Сновавший то там, то тут Павлуша Левашов с белым полотенцем на рукаве подскочил к нему и на тихий вопрос Дибича, кто эти особы, ответил, что девица в пенсне — Ванда Галчинская, эмансипе, а толстушка — Мари Тузикова, её подружка. Девицы были знакомыми Вергольда по курсам стенографии, где тот некоторое время преподавал начатки химии. Дибич спросил себя, зачем стенографисткам начатки химии, но тут же и забыл об этом, заметив возле храма, почти у стены своих родичей — братьев Осоргиных, Леонида и Сергея. Андрей Данилович, понимая, что здороваться всё равно придётся, поймав взгляд Леонида, вежливо кивнул, надеясь этим и ограничиться.

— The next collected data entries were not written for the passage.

(* Let $L$ be a finite-dimensional Lie algebra over a field $F$. The relation "is $L$-connected to" is an equivalence relation on the set of chief factors of $L$.
   Context: A chief factor of $L$ is a quotient $A/B$ of ideals $B\subsetneq A$ with no ideal of $L$ strictly between them; two chief factors are $L$-isomorphic if they are isomorphic as $L$-modules. The core $U_L$ of a subalgebra is the largest ideal of $L$ contained in it; $L$ is primitive if it has a maximal subalgebra with zero core, and a primitive Lie algebra is of type 3 if it has precisely two distinct minimal ideals, both non-abelian. Two chief factors $A_1/B_1$, $A_2/B_2$ of $L$ are $L$-connected if either they are $L$-isomorphic, or there is an ideal $N$ of $L$ such that $L/N$ is primitive of type 3 and its two minimal ideals $E_1/N$, $E_2/N$ satisfy $E_1/N \cong_L A_1/B_1$ and $E_2/N \cong_L A_2/B_2$ (as $L$-modules). *)

theory Defs
  imports Main "HOL.Vector_Spaces"
begin

definition lie_algebra :: "('k::field \<Rightarrow> 'v::ab_group_add \<Rightarrow> 'v) \<Rightarrow> ('v \<Rightarrow> 'v \<Rightarrow> 'v) \<Rightarrow> bool" where
  "lie_algebra scale br \<longleftrightarrow> vector_space scale
     \<and> (\<forall>x y z. br (x + y) z = br x z + br y z)
     \<and> (\<forall>x y z. br x (y + z) = br x y + br x z)
     \<and> (\<forall>c x y. br (scale c x) y = scale c (br x y))
     \<and> (\<forall>c x y. br x (scale c y) = scale c (br x y))
     \<and> (\<forall>x. br x x = 0)
     \<and> (\<forall>x y z. br x (br y z) + br y (br z x) + br z (br x y) = 0)"

definition finite_dim :: "('k::field \<Rightarrow> 'v::ab_group_add \<Rightarrow> 'v) \<Rightarrow> bool" where
  "finite_dim scale \<longleftrightarrow> (\<exists>B. finite B \<and> module.span scale B = UNIV)"

definition lie_ideal :: "('k::field \<Rightarrow> 'v::ab_group_add \<Rightarrow> 'v) \<Rightarrow> ('v \<Rightarrow> 'v \<Rightarrow> 'v) \<Rightarrow> 'v set \<Rightarrow> bool" where
  "lie_ideal scale br I \<longleftrightarrow> module.subspace scale I \<and> (\<forall>x a. a \<in> I \<longrightarrow> br x a \<in> I)"

definition lie_subalgebra :: "('k::field \<Rightarrow> 'v::ab_group_add \<Rightarrow> 'v) \<Rightarrow> ('v \<Rightarrow> 'v \<Rightarrow> 'v) \<Rightarrow> 'v set \<Rightarrow> bool" where
  "lie_subalgebra scale br S \<longleftrightarrow> module.subspace scale S \<and> (\<forall>a\<in>S. \<forall>b\<in>S. br a b \<in> S)"

definition chief_factor :: "('k::field \<Rightarrow> 'v::ab_group_add \<Rightarrow> 'v) \<Rightarrow> ('v \<Rightarrow> 'v \<Rightarrow> 'v) \<Rightarrow> 'v set \<Rightarrow> 'v set \<Rightarrow> bool" where
  "chief_factor scale br A B \<longleftrightarrow> lie_ideal scale br A \<and> lie_ideal scale br B \<and> B \<subset> A
     \<and> \<not> (\<exists>C. lie_ideal scale br C \<and> B \<subset> C \<and> C \<subset> A)"

definition chief_factors :: "('k::field \<Rightarrow> 'v::ab_group_add \<Rightarrow> 'v) \<Rightarrow> ('v \<Rightarrow> 'v \<Rightarrow> 'v) \<Rightarrow> ('v set \<times> 'v set) set" where
  "chief_factors scale br = {(A, B). chief_factor scale br A B}"

text \<open>A/B and A'/B' (with B \<subseteq> A, B' \<subseteq> A' ideals) are isomorphic as L-modules (adjoint action):
  there is a linear map f : A \<rightarrow> A' inducing a bijective L-module homomorphism A/B \<rightarrow> A'/B'.\<close>
definition lie_mod_iso :: "('k::field \<Rightarrow> 'v::ab_group_add \<Rightarrow> 'v) \<Rightarrow> ('v \<Rightarrow> 'v \<Rightarrow> 'v) \<Rightarrow> 'v set \<Rightarrow> 'v set \<Rightarrow> 'v set \<Rightarrow> 'v set \<Rightarrow> bool" where
  "lie_mod_iso scale br A B A' B' \<longleftrightarrow> (\<exists>f.
       (\<forall>a\<in>A. \<forall>b\<in>A. f (a + b) = f a + f b)
     \<and> (\<forall>c. \<forall>a\<in>A. f (scale c a) = scale c (f a))
     \<and> f ` A \<subseteq> A'
     \<and> (\<forall>a\<in>A. f a \<in> B' \<longleftrightarrow> a \<in> B)
     \<and> (\<forall>a'\<in>A'. \<exists>a\<in>A. a' - f a \<in> B')
     \<and> (\<forall>x. \<forall>a\<in>A. br x (f a) - f (br x a) \<in> B'))"

definition maximal_subalgebra :: "('k::field \<Rightarrow> 'v::ab_group_add \<Rightarrow> 'v) \<Rightarrow> ('v \<Rightarrow> 'v \<Rightarrow> 'v) \<Rightarrow> 'v set \<Rightarrow> bool" where
  "maximal_subalgebra scale br M \<longleftrightarrow> lie_subalgebra scale br M \<and> M \<noteq> UNIV
     \<and> (\<forall>S. lie_subalgebra scale br S \<and> M \<subseteq> S \<longrightarrow> S = M \<or> S = UNIV)"

text \<open>L/N is primitive: L/N has a maximal subalgebra M/N whose core (in L/N) is zero.
  Subalgebras/ideals of L/N correspond to subalgebras/ideals of L containing N.\<close>
definition quotient_primitive :: "('k::field \<Rightarrow> 'v::ab_group_add \<Rightarrow> 'v) \<Rightarrow> ('v \<Rightarrow> 'v \<Rightarrow> 'v) \<Rightarrow> 'v set \<Rightarrow> bool" where
  "quotient_primitive scale br N \<longleftrightarrow> lie_ideal scale br N \<and>
     (\<exists>M. N \<subseteq> M \<and> maximal_subalgebra scale br M
        \<and> (\<forall>I. lie_ideal scale br I \<and> N \<subseteq> I \<and> I \<subseteq> M \<longrightarrow> I = N))"

definition minimal_ideal_over :: "('k::field \<Rightarrow> 'v::ab_group_add \<Rightarrow> 'v) \<Rightarrow> ('v \<Rightarrow> 'v \<Rightarrow> 'v) \<Rightarrow> 'v set \<Rightarrow> 'v set \<Rightarrow> bool" where
  "minimal_ideal_over scale br N E \<longleftrightarrow> lie_ideal scale br E \<and> N \<subset> E
     \<and> \<not> (\<exists>C. lie_ideal scale br C \<and> N \<subset> C \<and> C \<subset> E)"

definition nonabelian_over :: "('v \<Rightarrow> 'v \<Rightarrow> 'v) \<Rightarrow> 'v set \<Rightarrow> 'v set \<Rightarrow> bool" where
  "nonabelian_over br N E \<longleftrightarrow> (\<exists>a\<in>E. \<exists>b\<in>E. br a b \<notin> N)"

definition quotient_primitive_type3 :: "('k::field \<Rightarrow> 'v::ab_group_add \<Rightarrow> 'v) \<Rightarrow> ('v \<Rightarrow> 'v \<Rightarrow> 'v) \<Rightarrow> 'v set \<Rightarrow> bool" where
  "quotient_primitive_type3 scale br N \<longleftrightarrow> quotient_primitive scale br N
     \<and> (\<exists>E1 E2. E1 \<noteq> E2 \<and> minimal_ideal_over scale br N E1 \<and> minimal_ideal_over scale br N E2
          \<and> (\<forall>E. minimal_ideal_over scale br N E \<longrightarrow> E = E1 \<or> E = E2))
     \<and> (\<forall>E. minimal_ideal_over scale br N E \<longrightarrow> nonabelian_over br N E)"

definition L_connected :: "('k::field \<Rightarrow> 'v::ab_group_add \<Rightarrow> 'v) \<Rightarrow> ('v \<Rightarrow> 'v \<Rightarrow> 'v) \<Rightarrow> 'v set \<Rightarrow> 'v set \<Rightarrow> 'v set \<Rightarrow> 'v set \<Rightarrow> bool" where
  "L_connected scale br A1 B1 A2 B2 \<longleftrightarrow> lie_mod_iso scale br A1 B1 A2 B2 \<or>
     (\<exists>N E1 E2. quotient_primitive_type3 scale br N \<and> E1 \<noteq> E2
        \<and> minimal_ideal_over scale br N E1 \<and> minimal_ideal_over scale br N E2
        \<and> lie_mod_iso scale br E1 N A1 B1 \<and> lie_mod_iso scale br E2 N A2 B2)"

definition L_connected_rel :: "('k::field \<Rightarrow> 'v::ab_group_add \<Rightarrow> 'v) \<Rightarrow> ('v \<Rightarrow> 'v \<Rightarrow> 'v) \<Rightarrow> (('v set \<times> 'v set) \<times> ('v set \<times> 'v set)) set" where
  "L_connected_rel scale br = {((A1, B1), (A2, B2)).
     chief_factor scale br A1 B1 \<and> chief_factor scale br A2 B2 \<and> L_connected scale br A1 B1 A2 B2}"

end

theory Submission
  imports Defs "HOL-Library.Set_Algebras"
begin

text \<open>The crux is a chain
  of two type 3 links: L/N with minimal ideals E1/N = A1/B1 and E2/N = A2/B2, and L/N' with
  minimal ideals E1'/N' = A2/B2 and E2'/N' = A3/B3 (up to L-isomorphism). In a primitive
  quotient of type 3 each minimal ideal is the centralizer of the other, and L-isomorphic factors
  have the same centralizer, so E1 = C_L(A2/B2) = E2'; call it X. If E2 = E1' then N = N' and
  A1/B1 = A3/B3. Otherwise put P = E2, Q = E1'. Chief factor arguments give X \<subseteq> P + Q,
  P \<subseteq> X + Q and Q \<subseteq> X + P, so Q/(P \<inter> Q) = X/N and P/(P \<inter> Q) = X/N' by the second
  isomorphism theorem, and L/(P \<inter> Q) is primitive of type 3 with minimal ideals P and Q: if
  M/N and M'/N' are the core-free maximal subalgebras, the elements x with
  x \<equiv> m (mod P), m \<equiv> m' (mod X), m' \<equiv> x (mod Q) for some m \<in> M, m' \<in> M' form a core-free
  maximal subalgebra over P \<inter> Q.\<close>

lemma subset_set_plus_right:
  fixes U V :: "'a::monoid_add set"
  assumes "0 \<in> V" shows "U \<subseteq> U + V"
proof
  fix u assume "u \<in> U"
  then have "u + 0 \<in> U + V" using assms by (rule set_plus_intro)
  then show "u \<in> U + V" by simp
qed

lemma (in vector_space) subspace_set_plus: "subspace U \<Longrightarrow> subspace V \<Longrightarrow> subspace (U + V)"
proof -
  have "U + V = {x + y |x y. x \<in> U \<and> y \<in> V}" by (auto simp: set_plus_def)
  then show "subspace U \<Longrightarrow> subspace V \<Longrightarrow> subspace (U + V)" using subspace_sums by simp
qed

lemma (in vector_space) exists_linear_lift:
  assumes U: "subspace U" and A: "subspace A" and P: "subspace P"
    and f_add: "\<forall>a\<in>A. \<forall>b\<in>A. f (a + b) = f a + f b"
    and f_scale: "\<forall>c. \<forall>a\<in>A. f (scale c a) = scale c (f a)"
    and lift: "\<forall>u\<in>U. \<exists>a\<in>A. u - f a \<in> P"
  shows "\<exists>g. Vector_Spaces.linear scale scale g \<and> (\<forall>u\<in>U. g u \<in> A \<and> u - f (g u) \<in> P)"
proof -
  interpret pair: vector_space_pair scale scale by unfold_locales
  obtain B where B: "B \<subseteq> U" "independent B" "U \<subseteq> span B" by (rule basis_exists)
  define h where "h b = (SOME a. a \<in> A \<and> b - f a \<in> P)" for b
  have h: "h b \<in> A \<and> b - f (h b) \<in> P" if "b \<in> B" for b
    unfolding h_def using lift B(1) that by (metis (mono_tags, lifting) someI subsetD)
  define g where "g = pair.construct B h"
  have g: "Vector_Spaces.linear scale scale g"
    unfolding g_def by (rule pair.linear_construct[OF B(2)])
  then have g_add: "g (x + y) = g x + g y" and g_scale: "g (scale c x) = scale c (g x)" for x y c
    by (auto simp: linear_iff)
  have f0: "f 0 = 0"
    using f_add subspace_0[OF A] by (metis add_cancel_right_right)
  have "subspace {u. g u \<in> A \<and> u - f (g u) \<in> P}"
  proof (rule subspaceI)
    show "0 \<in> {u. g u \<in> A \<and> u - f (g u) \<in> P}"
      using g_scale[of 0 0] f0 subspace_0[OF A] subspace_0[OF P] by simp
  next
    fix x y assume x: "x \<in> {u. g u \<in> A \<and> u - f (g u) \<in> P}" and y: "y \<in> {u. g u \<in> A \<and> u - f (g u) \<in> P}"
    then have "f (g (x + y)) = f (g x) + f (g y)" using f_add g_add by simp
    then have e: "x + y - f (g (x + y)) = (x - f (g x)) + (y - f (g y))" by (simp add: algebra_simps)
    have "x + y - f (g (x + y)) \<in> P" unfolding e using x y subspace_add[OF P] by blast
    moreover have "g (x + y) \<in> A" using x y g_add subspace_add[OF A] by simp
    ultimately show "x + y \<in> {u. g u \<in> A \<and> u - f (g u) \<in> P}" by blast
  next
    fix c x assume "x \<in> {u. g u \<in> A \<and> u - f (g u) \<in> P}"
    moreover have "scale c x - f (g (scale c x)) = scale c (x - f (g x))" if "g x \<in> A"
      using that f_scale g_scale by (simp add: scale_right_diff_distrib)
    ultimately show "scale c x \<in> {u. g u \<in> A \<and> u - f (g u) \<in> P}"
      using g_scale subspace_scale[OF A] subspace_scale[OF P] by auto
  qed
  then have "span B \<subseteq> {u. g u \<in> A \<and> u - f (g u) \<in> P}"
    using h pair.construct_basis[OF B(2)] by (intro span_minimal) (auto simp: g_def)
  then show ?thesis
    using g B(3) by blast
qed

В толпе не смолкали тихие сожаления и вздохи, сетования на печальную и, увы, невосполнимую утрату. «Какой молодой, боже мой, какие надежды подавал…» Но тут Дибич перестал слушать и совсем смешался, различив в толпе князя Белецкого, его супругу и племянницу. Элен, в лёгком вишнёвом пальто с пелериной и серой шляпке с вишнёвым пёрышком, казалось, сошла с картинки модного журнала. В её движениях, плавных и неторопливых, ему снова померещился ровный прибой Адриатики и колеблющиеся в лазурных венецианских волнах вершины округлых куполов, а несравненные, нежные, белые руки, на розоватых ладонях которых хиромант открыл бы тёмные сплетения потаённых чувств и неведомых порывов, заворожили.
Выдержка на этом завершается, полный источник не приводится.